21 h ~ Bextel University / Fraternité House
En marchant sur les pavés qui mènent à cette soirée étudiante, je tente de me convaincre que c'est une bonne idée. Que sortir, m'aérer l'esprit, faire un peu la fête, ne pourrait pas me faire de mal. Un sifflement suivi de rires gras me fait lever les yeux sur un groupe de gars affalés sur les marches du porche, tous en sweat aux couleurs de l'université, sifflant un groupe de filles qui passe à quelques mètres d'eux.
Ok. Clairement, ce n'est pas une bonne idée.
Je baisse les yeux vers ma main, serrée dans celle de ma meilleure amie qui me tire vers l'avant d'un pas déterminé. Elle m'entraîne vers l'entrée de cette maison de fraternité, bien décidée à m'immerger dans cette soirée. Malgré mes protestations, malgré mes hésitations.
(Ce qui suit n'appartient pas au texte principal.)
lemma par_timeout_event_subset:
  assumes "real n * \<epsilon>\<^sup>2 / 2 < t" "0 < \<epsilon>"
  shows "{\<omega> \<in> space coin_space. snd (par_pos \<epsilon> x0 t SI SII \<omega> (par_tau \<Omega> \<epsilon> x0 t SI SII \<omega>)) \<le> 0}
    \<subseteq> {\<omega>. stays_within \<Omega> fst (par_rule \<epsilon> SI SII) (x0, t) n (map \<omega> [0..<n])}"
  unfolding stays_within_def
proof (intro subsetI CollectI allI impI)
  fix \<omega> k
  assume "\<omega> \<in> {\<omega> \<in> space coin_space.
            snd (par_pos \<epsilon> x0 t SI SII \<omega> (par_tau \<Omega> \<epsilon> x0 t SI SII \<omega>)) \<le> 0}"
    and "k \<le> n"
  have "real n * \<epsilon>\<^sup>2 < real (par_tau \<Omega> \<epsilon> x0 t SI SII \<omega>) * \<epsilon>\<^sup>2"
    using assms(1) \<open>\<omega> \<in> _\<close> unfolding snd_par_pos by auto
  hence "k < par_tau \<Omega> \<epsilon> x0 t SI SII \<omega>"
    using \<open>k \<le> n\<close> assms(2) by (simp add: mult_less_cancel_right_pos)
  hence "fst (par_pos \<epsilon> x0 t SI SII \<omega> k) \<in> \<Omega>"
    unfolding par_tau_def by (auto dest: not_less_Least)
  thus "fst (last (play_hist (par_rule \<epsilon> SI SII) (x0, t) (take k (map \<omega> [0..<n])))) \<in> \<Omega>"
    using \<open>k \<le> n\<close> by (simp add: par_pos_def par_hist_eq_play_hist take_map)
qed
Note pour moi-même : apprendre à dire non à Maya, et surtout m'y tenir. Un jour, ça pourrait vraiment me poser problème.
— Allez Lili, souris un peu !
Elle me lance un regard pétillant, son enthousiasme presque contagieux. Mais malgré l'air innocent qu'elle se donne, je roule des yeux, agacée, ce qui la fait rire. Une odeur de joint nous enveloppe brièvement, et je fronce le nez en passant près du fameux groupe de mecs sur les marches. Maya glousse en voyant mon expression dégoûtée.
— Tout va bien se passer ! Elle serre ma main, un sourire rassurant sur le visage. Je te promets, ma puce, qu'on va passer une super soirée !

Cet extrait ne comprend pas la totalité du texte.